A guest domain may be transient, or persistent. A transient guest domain can only be managed while it is running on the host and, when powered off, all traces of it will disappear. A persistent guest domain has its configuration maintained in a data store on the host by the hypervisor, in an implementation defined format. Thus when a persistent guest is powered off, it is still possible to manage its inactive config. A transient guest can be turned into a persistent guest on the fly by defining a configuration for it.
Once an application has a unique identifier for a domain, it will often want to obtain the corresponding virDomain object. There are three, imaginatively named, methods to do lookup existing domains, lookupByID, lookupByName and lookupByUUID. Each of these takes the domain identifier as a parameter. They will return None if no matching domain exists. The error object can be queried to find specific details of the error if required.
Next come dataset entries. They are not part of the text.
(* Let $m\ge d\ge1$, $\lambda=d/m$, and let $p,q$ be polynomials of degree $d$ with nonnegative real roots, with bivariate extensions $p(x,y)=y^{m-d}p(xy)$, $q(x,y)=y^{m-d}q(xy)$. Then \[ [p\boxplus_{d,\lambda}q](x,y)=\frac{(m-d)!}{d!\,m!}\sum_{k=0}^d(\partial_x\partial_y)^{d-k}p(x,y)\cdot\big[(\partial_x\partial_y)^kq\big](0,1), \] and \[ (p\boxplus_{d,\lambda}q)(x)=\frac{(m-d)!}{d!\,m!}\sum_{k=0}^d\big[(\partial_x\partial_y)^{d-k}p\big](x,1)\cdot\big[(\partial_x\partial_y)^kq\big](0,1). \]
   Context: For $p=\sum_{i=0}^d(-1)^ia_ix^{d-i}$, $q=\sum_{i=0}^d(-1)^ib_ix^{d-i}$: $(p\boxplus_{d,\lambda}q)(x)=\sum_{k=0}^dx^{d-k}(-1)^k\sum_{i+j=k}\frac{(d-i)!(d-j)!}{d!(d-k)!}\frac{(m-i)!(m-j)!}{m!(m-k)!}a_ib_j$, and $[p\boxplus_{d,\lambda}q](x,y):=y^{m-d}(p\boxplus_{d,\lambda}q)(xy)$. *)

theory Defs
  imports "HOL-Analysis.Analysis" "HOL-Computational_Algebra.Polynomial"
begin

text \<open>Coefficients in the convention p = sum_i (-1)^i a_i x^(d-i).\<close>
definition sgn_coeff :: "nat \<Rightarrow> real poly \<Rightarrow> nat \<Rightarrow> real" where
  "sgn_coeff d p i = (-1) ^ i * coeff p (d - i)"

text \<open>The finite free convolution with parameters d and m (lambda = d/m).\<close>
definition box_conv :: "nat \<Rightarrow> nat \<Rightarrow> real poly \<Rightarrow> real poly \<Rightarrow> real poly" where
  "box_conv d m p q =
     (\<Sum>k\<le>d. monom ((-1) ^ k *
        (\<Sum>i\<le>k. (fact (d - i) * fact (d - (k - i))) / (fact d * fact (d - k))
                 * ((fact (m - i) * fact (m - (k - i))) / (fact m * fact (m - k)))
                 * sgn_coeff d p i * sgn_coeff d q (k - i))) (d - k))"

definition biv :: "nat \<Rightarrow> nat \<Rightarrow> real poly \<Rightarrow> real \<Rightarrow> real \<Rightarrow> real" where
  "biv d m f = (\<lambda>x y. y ^ (m - d) * poly f (x * y))"

definition DxDy :: "(real \<Rightarrow> real \<Rightarrow> real) \<Rightarrow> real \<Rightarrow> real \<Rightarrow> real" where
  "DxDy F = (\<lambda>x y. deriv (\<lambda>s. deriv (\<lambda>t. F s t) y) x)"

definition nonneg_real_rooted :: "real poly \<Rightarrow> bool" where
  "nonneg_real_rooted p \<longleftrightarrow>
     (\<forall>z::complex. poly (map_poly complex_of_real p) z = 0 \<longrightarrow> Im z = 0 \<and> Re z \<ge> 0)"

end

theory Submission
  imports Defs
begin

text \<open>
  Write e = m - d. On bivariate extensions y^e f(xy) the operator \<partial>_x \<partial>_y acts as the
  one-variable operator L f = (t f')' + e f', which sends the coefficients c_j of f to
  (j + 1) (j + 1 + e) c_(j+1). Hence [(\<partial>_x \<partial>_y)^k q](0,1) = k! (k + e)! / e! \<cdot> q_k, and comparing
  coefficients of x^j, the right-hand side becomes the defining double sum of the convolution
  after the substitution k = i + j; there the signs (-1)^i (-1)^(d-j-i) of the coefficient
  convention cancel against (-1)^(d-j).
\<close>

definition diag_pderiv :: "nat \<Rightarrow> real poly \<Rightarrow> real poly" where
  "diag_pderiv e f = pderiv (pCons 0 (pderiv f)) + smult (of_nat e) (pderiv f)"

lemma DxDy_biv: "DxDy (biv d m f) = biv d m (diag_pderiv (m - d) f)"
proof (intro ext)
  fix x y :: real
  define e where "e = m - d"
  have dy: "deriv (\<lambda>t. biv d m f s t) y
      = of_nat e * y ^ (e - 1) * poly f (s * y) + y ^ e * s * poly (pderiv f) (s * y)" for s
    unfolding biv_def e_def[symmetric]
    by (rule DERIV_imp_deriv) (auto intro!: derivative_eq_intros simp: algebra_simps)
  have "DxDy (biv d m f) x y
      = of_nat e * (y ^ (e - 1) * y) * poly (pderiv f) (x * y)
        + y ^ e * (poly (pderiv f) (x * y) + x * y * poly (pderiv (pderiv f)) (x * y))"
    unfolding DxDy_def dy
    by (rule DERIV_imp_deriv) (auto intro!: derivative_eq_intros simp: algebra_simps)
  also have "of_nat e * (y ^ (e - 1) * y) = of_nat e * y ^ e"
    by (cases e) auto
  finally show "DxDy (biv d m f) x y = biv d m (diag_pderiv (m - d) f) x y"
    by (simp add: biv_def diag_pderiv_def pderiv_pCons e_def algebra_simps)
qed

lemma coeff_diag_pderiv:
  "coeff (diag_pderiv e f) j = of_nat (Suc j) * of_nat (Suc j + e) * coeff f (Suc j)"
  by (simp add: diag_pderiv_def coeff_pderiv algebra_simps)

lemma coeff_diag_pderiv_funpow:
  "coeff ((diag_pderiv e ^^ r) f) j
     = fact (j + r) / fact j * (fact (j + r + e) / fact (j + e)) * coeff f (j + r)"
proof (induction r arbitrary: j)
  case 0
  then show ?case by simp
next
  case (Suc r)
  have "coeff ((diag_pderiv e ^^ Suc r) f) j
      = of_nat (Suc j) * of_nat (Suc j + e) * coeff ((diag_pderiv e ^^ r) f) (Suc j)"
    by (simp add: coeff_diag_pderiv)
  also have "\<dots> = fact (j + Suc r) / fact j * (fact (j + Suc r + e) / fact (j + e)) * coeff f (j + Suc r)"
    unfolding Suc.IH by (simp add: field_simps del: of_nat_Suc)
  finally show ?case .
qed

lemma degree_box_conv_le: "degree (box_conv d m p q) \<le> d"
  unfolding box_conv_def
  by (rule degree_sum_le) (auto intro: order.trans[OF degree_monom_le])

lemma coeff_box_conv:
  assumes "j \<le> d"
  shows "coeff (box_conv d m p q) j = (-1) ^ (d - j) *
    (\<Sum>i\<le>d - j. (fact (d - i) * fact (d - (d - j - i))) / (fact d * fact (d - (d - j)))
       * ((fact (m - i) * fact (m - (d - j - i))) / (fact m * fact (m - (d - j))))
       * sgn_coeff d p i * sgn_coeff d q (d - j - i))"
    (is "_ = ?c (d - j)")
proof -
  have "coeff (box_conv d m p q) j = (\<Sum>k\<le>d. if k = d - j then ?c k else 0)"
    unfolding box_conv_def coeff_sum coeff_monom
    by (rule sum.cong) (use assms in auto)
  then show ?thesis by simp
qed

lemma box_conv_term_eq:
  assumes "d = j + i + r" and "m = d + e"
  shows "(-1) ^ (d - j) *
      ((fact (d - i) * fact (d - (d - j - i))) / (fact d * fact (d - (d - j)))
       * ((fact (m - i) * fact (m - (d - j - i))) / (fact m * fact (m - (d - j))))
       * sgn_coeff d p i * sgn_coeff d q (d - j - i))
    = fact e / (fact d * fact m) *
      (fact (i + j) * (fact (i + j + e) / fact e) * coeff q (i + j)
       * (fact (d - i) / fact j * (fact (d - i + e) / fact (j + e)) * coeff p (d - i)))"
proof -
  have sign: "(-1::real) ^ (d - j) * ((-1) ^ i * (-1) ^ (d - j - i)) = 1"
    using assms(1) by (simp flip: power_add power_mult_distrib)
  have "d - j - i = r" "d - (d - j - i) = i + j" "d - (d - j) = j" "m - i = d - i + e"
    "m - (d - j - i) = i + j + e" "m - (d - j) = j + e" "d - i = j + r"
    using assms by auto
  with sign show ?thesis
    unfolding sgn_coeff_def assms(2) by (simp add: field_simps)
qed

lemma box_conv_eq_sum_diag_pderiv:
  fixes p q :: "real poly"
  assumes "d \<le> m" and "degree p \<le> d"
  defines "L \<equiv> diag_pderiv (m - d)"
  shows "box_conv d m p q = smult (fact (m - d) / (fact d * fact m))
           (\<Sum>k\<le>d. smult (poly ((L ^^ k) q) 0) ((L ^^ (d - k)) p))"
proof (rule poly_eqI)
  fix j
  define e where "e = m - d"
  define T where "T k = fact k * (fact (k + e) / fact e) * coeff q k
      * (fact (j + (d - k)) / fact j * (fact (j + (d - k) + e) / fact (j + e)) * coeff p (j + (d - k)))"
    for k
  have p_zero: "coeff p n = 0" if "n > d" for n
    using assms(2) that by (simp add: coeff_eq_0)
  have rhs: "coeff (smult (fact (m - d) / (fact d * fact m))
           (\<Sum>k\<le>d. smult (poly ((L ^^ k) q) 0) ((L ^^ (d - k)) p))) j
      = fact e / (fact d * fact m) * (\<Sum>k\<le>d. T k)"
    by (simp add: L_def e_def T_def coeff_sum poly_0_coeff_0 coeff_diag_pderiv_funpow)
  show "coeff (box_conv d m p q) j = coeff (smult (fact (m - d) / (fact d * fact m))
           (\<Sum>k\<le>d. smult (poly ((L ^^ k) q) 0) ((L ^^ (d - k)) p))) j"
  proof (cases "j \<le> d")
    case True
    have "(\<Sum>k\<le>d. T k) = (\<Sum>k\<in>{j..d}. T k)"
      by (rule sum.mono_neutral_right) (auto simp: T_def p_zero)
    also have "\<dots> = (\<Sum>i\<le>d - j. T (i + j))"
      using sum.shift_bounds_cl_nat_ivl[of T 0 j "d - j"] True by (simp add: atMost_atLeast0)
    finally have "fact e / (fact d * fact m) * (\<Sum>k\<le>d. T k)
        = (\<Sum>i\<le>d - j. fact e / (fact d * fact m) * T (i + j))"
      by (simp add: sum_distrib_left)
    also have "\<dots> = coeff (box_conv d m p q) j"
      unfolding coeff_box_conv[OF True] sum_distrib_left
    proof (rule sum.cong[OF refl])
      fix i assume "i \<in> {..d - j}"
      then have split: "d = j + i + (d - j - i)" and "j + (d - (i + j)) = d - i"
        using True by auto
      then have "fact e / (fact d * fact m) * T (i + j) = fact e / (fact d * fact m) *
          (fact (i + j) * (fact (i + j + e) / fact e) * coeff q (i + j)
           * (fact (d - i) / fact j * (fact (d - i + e) / fact (j + e)) * coeff p (d - i)))"
        by (simp add: T_def)
      also have "\<dots> = (-1) ^ (d - j) *
          ((fact (d - i) * fact (d - (d - j - i))) / (fact d * fact (d - (d - j)))
          * ((fact (m - i) * fact (m - (d - j - i))) / (fact m * fact (m - (d - j))))
          * sgn_coeff d p i * sgn_coeff d q (d - j - i))"
        using assms(1) by (intro box_conv_term_eq[OF split, symmetric]) (simp add: e_def)
      finally show "fact e / (fact d * fact m) * T (i + j) = \<dots>" .
    qed
    finally show ?thesis using rhs by simp
  next
    case False
    then show ?thesis
      using rhs degree_box_conv_le[of d m p q] by (simp add: T_def p_zero coeff_eq_0)
  qed
qed

lemma DxDy_funpow_biv: "(DxDy ^^ r) (biv d m f) = biv d m ((diag_pderiv (m - d) ^^ r) f)"
  by (induction r) (simp_all add: DxDy_biv)

lemma biv_at_1: "biv d m f x 1 = poly f x"
  by (simp add: biv_def)

theorem mainTheorem13:
  fixes d m :: nat and p q :: "real poly"
  assumes "1 \<le> d" and "d \<le> m"
    and "degree p = d" and "degree q = d"
    and "nonneg_real_rooted p" and "nonneg_real_rooted q"
  shows "(\<forall>x y. biv d m (box_conv d m p q) x y =
            fact (m - d) / (fact d * fact m) *
            (\<Sum>k\<le>d. (DxDy ^^ (d - k)) (biv d m p) x y * (DxDy ^^ k) (biv d m q) 0 1))
       \<and> (\<forall>x. poly (box_conv d m p q) x =
            fact (m - d) / (fact d * fact m) *
            (\<Sum>k\<le>d. (DxDy ^^ (d - k)) (biv d m p) x 1 * (DxDy ^^ k) (biv d m q) 0 1))"
proof -
  have biv_box: "biv d m (box_conv d m p q) x y =
      fact (m - d) / (fact d * fact m) *
      (\<Sum>k\<le>d. (DxDy ^^ (d - k)) (biv d m p) x y * (DxDy ^^ k) (biv d m q) 0 1)" for x y
    using box_conv_eq_sum_diag_pderiv[OF assms(2), of p q] assms(3)
    unfolding DxDy_funpow_biv
    by (simp add: biv_def poly_sum sum_distrib_left mult_ac)
  show ?thesis
    using biv_box biv_box[of _ 1] by (simp add: biv_at_1)
qed

end
(* Let $t,w,x,y,z\in \mathbb{Z}^+$, let $r=0.8$ and $c=1/(8^r-6^r)\approx 0.922$. Then: (i) If $x\geq 8.956z$ and $y\geq 1.036z$ then $x^r+y^r\geq (x+y+z)^r$. (ii) If $x\leq 10.174y$ then $cx^r+y^r\geq(x+y)^r$. (iii) If $0.5y\leq x\leq 8.884y$ then $x^r+y^r\geq (1+1/10.174)^r(x+y)^r$. (iv) If $z<1.98(t+w+x+y)$ and $0<t\leq2.072\cdot\min\{w/1.036, x,y,z/5.884\}$ then $w^r+x^r+y^r+cz^r\geq(t+w+x+y+z)^r$. (v) If $w\leq \min\{x,y,z\}$ then $cx^r+y^r+z^r\geq c(w+x+y+z)^r$. (vi) If $x\geq 6z$ and $y\geq z$ then $cx^r+y^r\geq c(x+y+z)^r$.
   Context: $\mathbb{Z}^+$ denotes the set of non-negative integers. *)

theory Defs
  imports Complex_Main
begin

definition rr :: real where "rr = 0.8"

definition cc :: real where "cc = 1 / (8 powr rr - 6 powr rr)"

end

theory Submission
  imports Defs
begin

(* Since rr = 4/5, every value a powr rr is pinned down by comparing fifth and fourth powers,
   so all numerical constants are checked in exact rational arithmetic.  The function
   u \<mapsto> a u^r - d (u + S)^r has a derivative of the sign of a^5 (u + S) - d^5 u, so for
   a \<le> d it increases and then decreases, and on an interval it is smallest at an endpoint;
   for a = d = 1 this is concavity: lowering a variable x lowers x^r - (x + K)^r.  Each part is
   proved by pushing the variables down to the extremal values allowed by its hypotheses,
   where the inequality is homogeneous and reduces to a numerical check. *)

lemma powr_rr_power5: "0 \<le> a \<Longrightarrow> (a powr rr) ^ 5 = (a::real) ^ 4"
  by (cases "a = 0") (simp_all add: powr_power rr_def)

lemma ge_powr_rr_if_power5_le: "0 \<le> a \<Longrightarrow> b ^ 5 \<le> (a::real) ^ 4 \<Longrightarrow> b \<le> a powr rr"
  by (rule power_le_imp_le_base[where n = 4]) (simp_all add: powr_rr_power5)

lemma powr_rr_le_if_power4_le: "0 \<le> a \<Longrightarrow> 0 \<le> b \<Longrightarrow> (a::real) ^ 4 \<le> b ^ 5 \<Longrightarrow> a powr rr \<le> b"
  by (rule power_le_imp_le_base[where n = 4]) (simp_all add: powr_rr_power5)

lemma powr_rr_minus_1_power5: "0 < v \<Longrightarrow> (v powr (rr - 1)) ^ 5 = 1 / (v::real)"
  by (simp add: powr_power rr_def)

lemma mult_powr_rr_minus_1_le:
  fixes a b v w :: real
  assumes "0 < a" "0 < b" "0 < v" "0 < w" "b ^ 5 * v \<le> a ^ 5 * w"
  shows "b * w powr (rr - 1) \<le> a * v powr (rr - 1)"
proof (rule power_le_imp_le_base[where n = 4])
  have "(b * w powr (rr - 1)) ^ Suc 4 = b ^ 5 / w"
    using assms by (simp add: power_mult_distrib powr_rr_minus_1_power5)
  also have "\<dots> \<le> a ^ 5 / v"
    using assms by (simp add: divide_simps mult.commute)
  also have "\<dots> = (a * v powr (rr - 1)) ^ Suc 4"
    using assms by (simp add: power_mult_distrib powr_rr_minus_1_power5)
  finally show "(b * w powr (rr - 1)) ^ Suc 4 \<le> (a * v powr (rr - 1)) ^ Suc 4" .
qed (use assms in simp)

definition rr_gap :: "real \<Rightarrow> real \<Rightarrow> real \<Rightarrow> real \<Rightarrow> real" where
  "rr_gap a d S u = a * u powr rr - d * (u + S) powr rr"

lemma rr_gap_has_real_derivative:
  assumes "0 < u" "0 \<le> S"
  shows "(rr_gap a d S has_real_derivative
          rr * (a * u powr (rr - 1) - d * (u + S) powr (rr - 1))) (at u)"
  unfolding rr_gap_def[abs_def] using assms
  by (auto intro!: derivative_eq_intros simp: algebra_simps)

lemma continuous_on_rr_gap: "0 \<le> p \<Longrightarrow> 0 \<le> S \<Longrightarrow> continuous_on {p..q} (rr_gap a d S)"
  unfolding rr_gap_def[abs_def]
  by (intro continuous_on_diff continuous_on_mult continuous_on_const continuous_on_powr'
      continuous_on_add continuous_on_id) (auto simp: rr_def)

lemma rr_gap_mono:
  assumes "0 < a" "0 < d" "0 \<le> S" "0 \<le> p" "p \<le> q"
    and sign: "\<And>u. p < u \<Longrightarrow> u < q \<Longrightarrow> d ^ 5 * u \<le> a ^ 5 * (u + S)"
  shows "rr_gap a d S p \<le> rr_gap a d S q"
proof (rule DERIV_nonneg_imp_increasing_open[OF \<open>p \<le> q\<close>])
  fix u assume u: "p < u" "u < q"
  have "d * (u + S) powr (rr - 1) \<le> a * u powr (rr - 1)"
    using mult_powr_rr_minus_1_le[of a d u "u + S"] assms u sign[OF u] by simp
  then show "\<exists>y. (rr_gap a d S has_real_derivative y) (at u) \<and> 0 \<le> y"
    using rr_gap_has_real_derivative[of u S a d] u assms by (auto simp: rr_def)
qed (use assms continuous_on_rr_gap in auto)

lemma rr_gap_antimono:
  assumes "0 < a" "0 < d" "0 \<le> S" "0 \<le> p" "p \<le> q"
    and sign: "\<And>u. p < u \<Longrightarrow> u < q \<Longrightarrow> a ^ 5 * (u + S) \<le> d ^ 5 * u"
  shows "rr_gap a d S q \<le> rr_gap a d S p"
proof (rule DERIV_nonpos_imp_decreasing_open[OF \<open>p \<le> q\<close>])
  fix u assume u: "p < u" "u < q"
  have "a * u powr (rr - 1) \<le> d * (u + S) powr (rr - 1)"
    using mult_powr_rr_minus_1_le[of d a "u + S" u] assms u sign[OF u] by simp
  then show "\<exists>y. (rr_gap a d S has_real_derivative y) (at u) \<and> y \<le> 0"
    using rr_gap_has_real_derivative[of u S a d] u assms by (auto simp: rr_def)
qed (use assms continuous_on_rr_gap in auto)

lemma rr_gap_ge_min_endpoints:
  assumes "0 < a" "a \<le> d" "0 \<le> S" "0 \<le> p" "p \<le> s" "s \<le> q"
  shows "min (rr_gap a d S p) (rr_gap a d S q) \<le> rr_gap a d S s"
proof -
  have "0 \<le> d ^ 5 - a ^ 5" using assms power_mono[of a d 5] by simp
  then consider "(d ^ 5 - a ^ 5) * s \<le> a ^ 5 * S" | "a ^ 5 * S \<le> (d ^ 5 - a ^ 5) * s"
    by linarith
  then show ?thesis
  proof cases
    case 1
    have "rr_gap a d S p \<le> rr_gap a d S s"
    proof (rule rr_gap_mono)
      fix u assume "p < u" "u < s"
      then have "(d ^ 5 - a ^ 5) * u \<le> (d ^ 5 - a ^ 5) * s"
        using \<open>0 \<le> d ^ 5 - a ^ 5\<close> by (intro mult_left_mono) auto
      then show "d ^ 5 * u \<le> a ^ 5 * (u + S)" using 1 by (simp add: algebra_simps)
    qed (use assms in auto)
    then show ?thesis by simp
  next
    case 2
    have "rr_gap a d S q \<le> rr_gap a d S s"
    proof (rule rr_gap_antimono)
      fix u assume "s < u" "u < q"
      then have "(d ^ 5 - a ^ 5) * s \<le> (d ^ 5 - a ^ 5) * u"
        using \<open>0 \<le> d ^ 5 - a ^ 5\<close> by (intro mult_left_mono) auto
      then show "a ^ 5 * (u + S) \<le> d ^ 5 * u" using 2 by (simp add: algebra_simps)
    qed (use assms in auto)
    then show ?thesis by simp
  qed
qed

lemma powr_rr_increment_antimono:
  fixes K p q :: real
  assumes "0 \<le> K" "0 \<le> p" "p \<le> q"
  shows "(q + K) powr rr - q powr rr \<le> (p + K) powr rr - p powr rr"
  using rr_gap_mono[of 1 1 K p q] assms by (simp add: rr_gap_def)

lemma powr_rr_8_minus_6_bounds:
  "1.085068930 \<le> 8 powr rr - 6 powr rr" "8 powr rr - 6 powr rr \<le> (1.085068932::real)"
proof -
  have "5.278031643 \<le> (8::real) powr rr" "4.192962712 \<le> (6::real) powr rr"
    by (rule ge_powr_rr_if_power5_le; simp add: power_divide)+
  moreover have "(8::real) powr rr \<le> 5.278031644" "(6::real) powr rr \<le> 4.192962713"
    by (rule powr_rr_le_if_power4_le; simp add: power_divide)+
  ultimately show "1.085068930 \<le> 8 powr rr - 6 powr rr" "8 powr rr - 6 powr rr \<le> (1.085068932::real)"
    by simp_all
qed

lemma cc_bounds: "0.921600435 \<le> cc" "cc \<le> 0.921600437"
  using powr_rr_8_minus_6_bounds unfolding cc_def by (simp_all add: le_divide_eq divide_le_eq)

lemma cc_pos: "0 < cc"
  using cc_bounds by simp

lemma cc_le_1: "cc \<le> 1"
  using cc_bounds by simp

lemma cc_mult_powr_rr_8_minus_6: "cc * 8 powr rr - cc * 6 powr rr = 1"
  using powr_rr_8_minus_6_bounds unfolding cc_def
  by (simp add: diff_divide_distrib[symmetric] right_diff_distrib[symmetric])

lemma lemma2p4_real_i:
  fixes x y z :: real
  assumes "0 \<le> z" "8.956 * z \<le> x" "1.036 * z \<le> y"
  shows "(x + y + z) powr rr \<le> x powr rr + y powr rr"
proof -
  have lower_x: "(x + (y + z)) powr rr - x powr rr \<le> (8.956 * z + (y + z)) powr rr - (8.956 * z) powr rr"
    by (rule powr_rr_increment_antimono) (use assms in auto)
  have lower_y: "(y + 8.956 * z + z) powr rr - y powr rr
      \<le> (1.036 * z + 8.956 * z + z) powr rr - (1.036 * z) powr rr"
    using powr_rr_increment_antimono[of "8.956 * z + z" "1.036 * z" y] assms by (simp add: add.assoc)
  have "(10.992::real) powr rr \<le> 8.956 powr rr + 1.036 powr rr"
  proof -
    have "(10.992::real) powr rr \<le> 6.8055210"
      by (rule powr_rr_le_if_power4_le) (simp_all add: power_divide)
    moreover have "5.7768523 \<le> (8.956::real) powr rr" "1.0286977 \<le> (1.036::real) powr rr"
      by (rule ge_powr_rr_if_power5_le; simp add: power_divide)+
    ultimately show ?thesis by simp
  qed
  then have "10.992 powr rr * z powr rr \<le> (8.956 powr rr + 1.036 powr rr) * z powr rr"
    by (rule mult_right_mono) simp
  then have "(10.992 * z) powr rr \<le> (8.956 * z) powr rr + (1.036 * z) powr rr"
    by (simp only: powr_mult distrib_right)
  with lower_x lower_y show ?thesis
    by (simp add: algebra_simps)
qed

lemma rr_gap_homogeneous:
  assumes "0 < y" "0 \<le> x"
  shows "a * x powr rr - d * (x + y) powr rr = y powr rr * rr_gap a d 1 (x / y)"
proof -
  have "x = x / y * y" "x + y = (x / y + 1) * y"
    using assms by (simp_all add: field_simps)
  then have "x powr rr = (x / y) powr rr * y powr rr" "(x + y) powr rr = (x / y + 1) powr rr * y powr rr"
    by (metis powr_mult)+
  then show ?thesis
    by (simp add: rr_gap_def algebra_simps)
qed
Example 4.1. Fetching a domain object from an ID

# Example-1.py
#!/usr/bin/env python3
import sys
import libvirt

conn = None
try:
    conn = libvirt.open("qemu:///system")
except libvirt.libvirtError as e:
    print(repr(e), file=sys.stderr)
    exit(1)

domainID = 6
dom = conn.lookupByID(domainID)
if dom == None:
    print('Failed to get the domain object', file=sys.stderr)

conn.close()
exit(0)
It should be noted that the lookupByID method will not work if the domain is not active. Inactive domains all have an ID of -1.

Example 4.2. Fetching a domain object from a name

# Example-2.py
#!/usr/bin/env python3
import sys
import libvirt

conn = None
try:
    conn = libvirt.open("qemu:///system")
except libvirt.libvirtError as e:
    print(repr(e), file=sys.stderr)
    exit(1)

domainName = 'someguest'
dom = conn.lookupByName(domainName)
if dom == None:
    print('Failed to get the domain object', file=sys.stderr)

conn.close()

Example 4.3. Fetching a domain object from a UUID

# Example-3.py
#!/usr/bin/env python3
import sys
import libvirt

conn = None
try:
    conn = libvirt.open("qemu:///system")
except libvirt.libvirtError as e:
    print(repr(e), file=sys.stderr)
    exit(1)

domainUUID = '00311636-7767-71d2-e94a-26e7b8bad250'
dom = conn.lookupByUUID(domainUUID)
if dom == None:
    print('Failed to get the domain object', file=sys.stderr)

conn.close()
exit(0)
The UUID example used the example above uses the printable format of UUID. Using the equivalent raw bytes is not supported by Python.